The team quite screwed up the migration to the current Jetty version released more than one year ago. Developers should not use internal Jetty classes in their code [3].

I develop applications with Vaadin and Javalin. A cool developer Martin Vysny has created a nice library vaadin-boot to integrate both frameworks. The Vaadin application uses an embedded Jetty server and can be deployed as a single jar file. The whole setup is about 20 lines of code. It is a pleasure to work with this library.

Now Javalin hinders the use of the current Jetty version [4].

Good Practices

I understand that open source developers have limited resources to migrate their code to the current Java version. I find the practice advocated by Brian Goetz ideal.

  1. Support the latest LTS version of Java in your stable release.

  2. All new development and improvements should be done with the current Java version.

  3. Do not support any other Java versions. Provide a package for the current Java version and a package for the latest LTS version. Do not backport any new features to the LTS version. Remember, a new LTS version is released every two years. Fix painful bugs.

  4. You have no excuse not to define an automatic name for your library.

Today you shall only support JDK 21 LTS and JDK 22.

The early access program for JDK 23 is available. You can already test your code with JDK 23.

The huge advantage is that you only have to maintain two versions of your code. You focus on developing new features only with the current Java version. No need to backport any new features to the LTS version.

Because all new features are only available with the current Java version, your users have a strong motivation to migrate to the current Java version.

As a developer, it is more fun to write code with the latest Java version and use the latest features.

Please remember never to use internal classes of a library in your code. It will bite you.

Update your JDK every three months to install the latest security patches.

Continuously update your dependencies to the latest stable version.
Gradle Build Tool has plugins and GitHub has dependabot to simplify or automate the work. You need a continuous integration pipeline and sufficient automatic tests to validate your code with the latest dependencies.

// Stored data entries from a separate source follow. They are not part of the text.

lemma innerH_weighted_bound:
  assumes "inH m f" "inH m g" "t > 0"
  shows "2 * cmod (innerH m f g) \<le> t * sqnormH f + sqnormH g / t"
proof -
  let ?w = "\<lambda>\<alpha>. t * ((cmod (f \<alpha>))\<^sup>2 / rho m \<alpha>) + (1 / t) * ((cmod (g \<alpha>))\<^sup>2 / rho m \<alpha>)"
  have abs: "(\<lambda>\<alpha>. norm (f \<alpha> * cnj (g \<alpha>) / complex_of_real (rho m \<alpha>))) summable_on UNIV"
    using summable_on_iff_abs_summable_on_complex[THEN iffD1, OF innerH_summable[OF assms(1,2)]] by simp
  have w: "?w summable_on UNIV"
    using assms unfolding inH_def by (intro summable_on_add summable_on_cmult_right)
  have "2 * cmod (innerH m f g) \<le> 2 * (\<Sum>\<^sub>\<infinity>\<alpha>. norm (f \<alpha> * cnj (g \<alpha>) / complex_of_real (rho m \<alpha>)))"
    unfolding innerH_def using norm_infsum_bound[OF abs] by simp
  also have "\<dots> = (\<Sum>\<^sub>\<infinity>\<alpha>. 2 * norm (f \<alpha> * cnj (g \<alpha>) / complex_of_real (rho m \<alpha>)))"
    by (rule infsum_cmult_right'[symmetric])
  also have "\<dots> \<le> (\<Sum>\<^sub>\<infinity>\<alpha>. ?w \<alpha>)"
  proof (rule infsum_mono[OF summable_on_cmult_right[OF abs] w])
    fix \<alpha>
    have "2 * (cmod (f \<alpha>) * cmod (g \<alpha>)) / rho m \<alpha> \<le> (t * (cmod (f \<alpha>))\<^sup>2 + (cmod (g \<alpha>))\<^sup>2 / t) / rho m \<alpha>"
      using two_mult_le_weighted_sq[OF assms(3)] rho_pos[of \<alpha>] by (intro divide_right_mono) auto
    then show "2 * norm (f \<alpha> * cnj (g \<alpha>) / complex_of_real (rho m \<alpha>)) \<le> ?w \<alpha>"
      using rho_pos[of \<alpha>] assms(3) by (simp add: norm_mult norm_divide field_simps)
  qed
  also have "\<dots> = t * sqnormH f + (1 / t) * sqnormH g"
    using assms unfolding sqnormH_def inH_def
    by (simp only: infsum_add summable_on_cmult_right infsum_cmult_right')
  finally show ?thesis by simp
qed

lemma sqnormH_sum_le:
  assumes "finite I" "\<And>i. i \<in> I \<Longrightarrow> inH m (f i)"
  shows "sqnormH (\<Sum>i\<in>I. f i) \<le> real (card I) * (\<Sum>i\<in>I. sqnormH (f i))"
proof -
  have s: "(\<lambda>\<alpha>. (cmod (f i \<alpha>))\<^sup>2 / rho m \<alpha>) summable_on UNIV" if "i \<in> I" for i
    using assms(2)[OF that] unfolding inH_def .
  have "sqnormH (\<Sum>i\<in>I. f i) \<le> (\<Sum>\<^sub>\<infinity>\<alpha>. real (card I) * (\<Sum>i\<in>I. (cmod (f i \<alpha>))\<^sup>2 / rho m \<alpha>))"
    unfolding sqnormH_def
  proof (rule infsum_mono)
    show "(\<lambda>\<alpha>. (cmod ((\<Sum>i\<in>I. f i) \<alpha>))\<^sup>2 / rho m \<alpha>) summable_on UNIV"
      using inH_sum[OF assms] unfolding inH_def .
    show "(\<lambda>\<alpha>. real (card I) * (\<Sum>i\<in>I. (cmod (f i \<alpha>))\<^sup>2 / rho m \<alpha>)) summable_on UNIV"
      using s assms(1) by (intro summable_on_cmult_right summable_on_finite_sum) auto
    show "(cmod ((\<Sum>i\<in>I. f i) \<alpha>))\<^sup>2 / rho m \<alpha> \<le> real (card I) * (\<Sum>i\<in>I. (cmod (f i \<alpha>))\<^sup>2 / rho m \<alpha>)"
      for \<alpha>
    proof -
      have "(cmod ((\<Sum>i\<in>I. f i) \<alpha>))\<^sup>2 / rho m \<alpha> \<le> real (card I) * (\<Sum>i\<in>I. (cmod (f i \<alpha>))\<^sup>2) / rho m \<alpha>"
        using norm_sum_sq_le[of "\<lambda>i. f i \<alpha>" I] rho_pos[of \<alpha>]
        by (intro divide_right_mono) (auto simp: sum_fun_apply)
      then show ?thesis by (simp add: sum_divide_distrib[symmetric])
    qed
  qed
  also have "\<dots> = real (card I) * (\<Sum>i\<in>I. sqnormH (f i))"
    unfolding sqnormH_def using s assms(1) by (simp add: infsum_cmult_right' infsum_finite_sum)
  finally show ?thesis .
qed

definition mult_z_adj :: "'n \<Rightarrow> 'n::finite coeffs \<Rightarrow> 'n coeffs" where
  "mult_z_adj i f = (\<lambda>\<alpha>. f (incr i \<alpha>) * complex_of_real (real (Suc (\<alpha> i)) / real (m + mdeg \<alpha>)))"

lemma mult_z_bounded:
  assumes "inH m f"
  shows "inH m (mult_z i f)" and "sqnormH (mult_z i f) \<le> sqnormH f"
proof -
  let ?\<phi> = "\<lambda>\<alpha>. (cmod (mult_z i f \<alpha>))\<^sup>2 / rho m \<alpha>"
  let ?\<psi> = "\<lambda>\<alpha>. (cmod (f \<alpha>))\<^sup>2 / rho m \<alpha>"
  have le: "(?\<phi> \<circ> incr i) \<alpha> \<le> ?\<psi> \<alpha>" for \<alpha>
    using rho_le_rho_incr[of \<alpha> i] rho_pos[of \<alpha>] by (auto intro!: divide_left_mono)
  have nonneg: "0 \<le> (?\<phi> \<circ> incr i) \<alpha>" for \<alpha>
    using rho_pos[of "incr i \<alpha>"] by simp
  have s: "(?\<phi> \<circ> incr i) summable_on UNIV"
    by (rule summable_on_comparison_test[OF assms[unfolded inH_def]]) (simp_all only: le nonneg)
  have "?\<phi> summable_on range (incr i)"
    unfolding summable_on_reindex[OF inj_incr] by (rule s)
  then show "inH m (mult_z i f)"
    unfolding inH_def by (subst summable_on_cong_neutral[where T = "range (incr i)"])
      (auto dest: not_in_range_incr simp: mult_z_eq_0)
  have "sqnormH (mult_z i f) = (\<Sum>\<^sub>\<infinity>\<alpha>\<in>range (incr i). ?\<phi> \<alpha>)"
    unfolding sqnormH_def by (rule infsum_cong_neutral) (auto dest: not_in_range_incr simp: mult_z_eq_0)
  also have "\<dots> = (\<Sum>\<^sub>\<infinity>\<alpha>. (?\<phi> \<circ> incr i) \<alpha>)"
    by (rule infsum_reindex[OF inj_incr])
  also have "\<dots> \<le> sqnormH f"
    unfolding sqnormH_def by (rule infsum_mono[OF s assms[unfolded inH_def]]) (rule le)
  finally show "sqnormH (mult_z i f) \<le> sqnormH f" .
qed

lemma sq_coeff_mult_z_adj:
  "(cmod (mult_z_adj i g \<alpha>))\<^sup>2 / rho m \<alpha> =
    (cmod (g (incr i \<alpha>)))\<^sup>2 / rho m (incr i \<alpha>) * (real (Suc (\<alpha> i)) / real (m + mdeg \<alpha>))"
proof -
  have eq: "(x * (r / M))\<^sup>2 / \<rho> = x\<^sup>2 / (\<rho> * M / r) * (r / M)"
    if "M > 0" "\<rho> > 0" "r > 0" for x r M \<rho> :: real
    using that by (simp add: power2_eq_square divide_simps)
  have norm: "cmod (mult_z_adj i g \<alpha>) = cmod (g (incr i \<alpha>)) * (real (Suc (\<alpha> i)) / real (m + mdeg \<alpha>))"
    unfolding mult_z_adj_def norm_mult norm_of_real by simp
  have "0 < real (m + mdeg \<alpha>)" using m_pos by simp
  then show ?thesis
    unfolding rho_incr norm by (rule eq) (simp_all add: rho_pos)
qed

lemma mult_z_adj_bounded:
  fixes f :: "'n::finite coeffs"
  assumes "inH m f"
  shows "inH m (mult_z_adj i f)" and "sqnormH (mult_z_adj i f) \<le> sqnormH f"
proof -
  let ?\<phi> = "\<lambda>\<alpha>. (cmod (mult_z_adj i f \<alpha>))\<^sup>2 / rho m \<alpha>"
  let ?\<psi> = "\<lambda>\<alpha>. (cmod (f \<alpha>))\<^sup>2 / rho m \<alpha>"
  have le: "?\<phi> \<alpha> \<le> (?\<psi> \<circ> incr i) \<alpha>" for \<alpha> :: "'n \<Rightarrow> nat"
  proof -
    have "real (Suc (\<alpha> i)) / real (m + mdeg \<alpha>) \<le> 1"
      using component_le_mdeg[of \<alpha> i] m_pos by simp
    then show ?thesis unfolding sq_coeff_mult_z_adj o_def by (intro mult_left_le) auto
  qed
  have s0: "?\<psi> summable_on range (incr i)"
    by (rule summable_on_subset[OF assms[unfolded inH_def]]) auto
  have s: "(?\<psi> \<circ> incr i) summable_on UNIV"
    using s0 unfolding summable_on_reindex[OF inj_incr] .
  show "inH m (mult_z_adj i f)"
    unfolding inH_def by (rule summable_on_comparison_test[OF s]) (use le in auto)
  then have "sqnormH (mult_z_adj i f) \<le> (\<Sum>\<^sub>\<infinity>\<alpha>. (?\<psi> \<circ> incr i) \<alpha>)"
    unfolding sqnormH_def inH_def by (rule infsum_mono[OF _ s]) (use le in auto)
  also have "\<dots> = (\<Sum>\<^sub>\<infinity>\<alpha>\<in>range (incr i). ?\<psi> \<alpha>)"
    by (rule infsum_reindex[OF inj_incr, symmetric])
  also have "\<dots> \<le> sqnormH f"
    unfolding sqnormH_def by (rule infsum_mono2[OF s0 assms[unfolded inH_def]]) auto
  finally show "sqnormH (mult_z_adj i f) \<le> sqnormH f" .
qed

lemmas inH_mult_z = mult_z_bounded(1) and inH_mult_z_adj = mult_z_adj_bounded(1)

1. If you have a code snippet for a GitHub build script, let me know. The script shall install multiple JDKs, run Gradle with an older version, and let the Gradle toolchain find the current JDK to build the code. I will add your solution with your name in this blog and star your snippet on GitHub.
2. Gradle 8.8 was released 31st May 2024. It is the first version to run on Java 22. Java 22 was released 19th March 2024, almost two and a half months ago.
3. If Jetty would use JPMS, they could hide these classes inside a module. No external developers could use them.
4. Martin has found a workaround, but the drawback is that we have to use a quite older version of Javalin.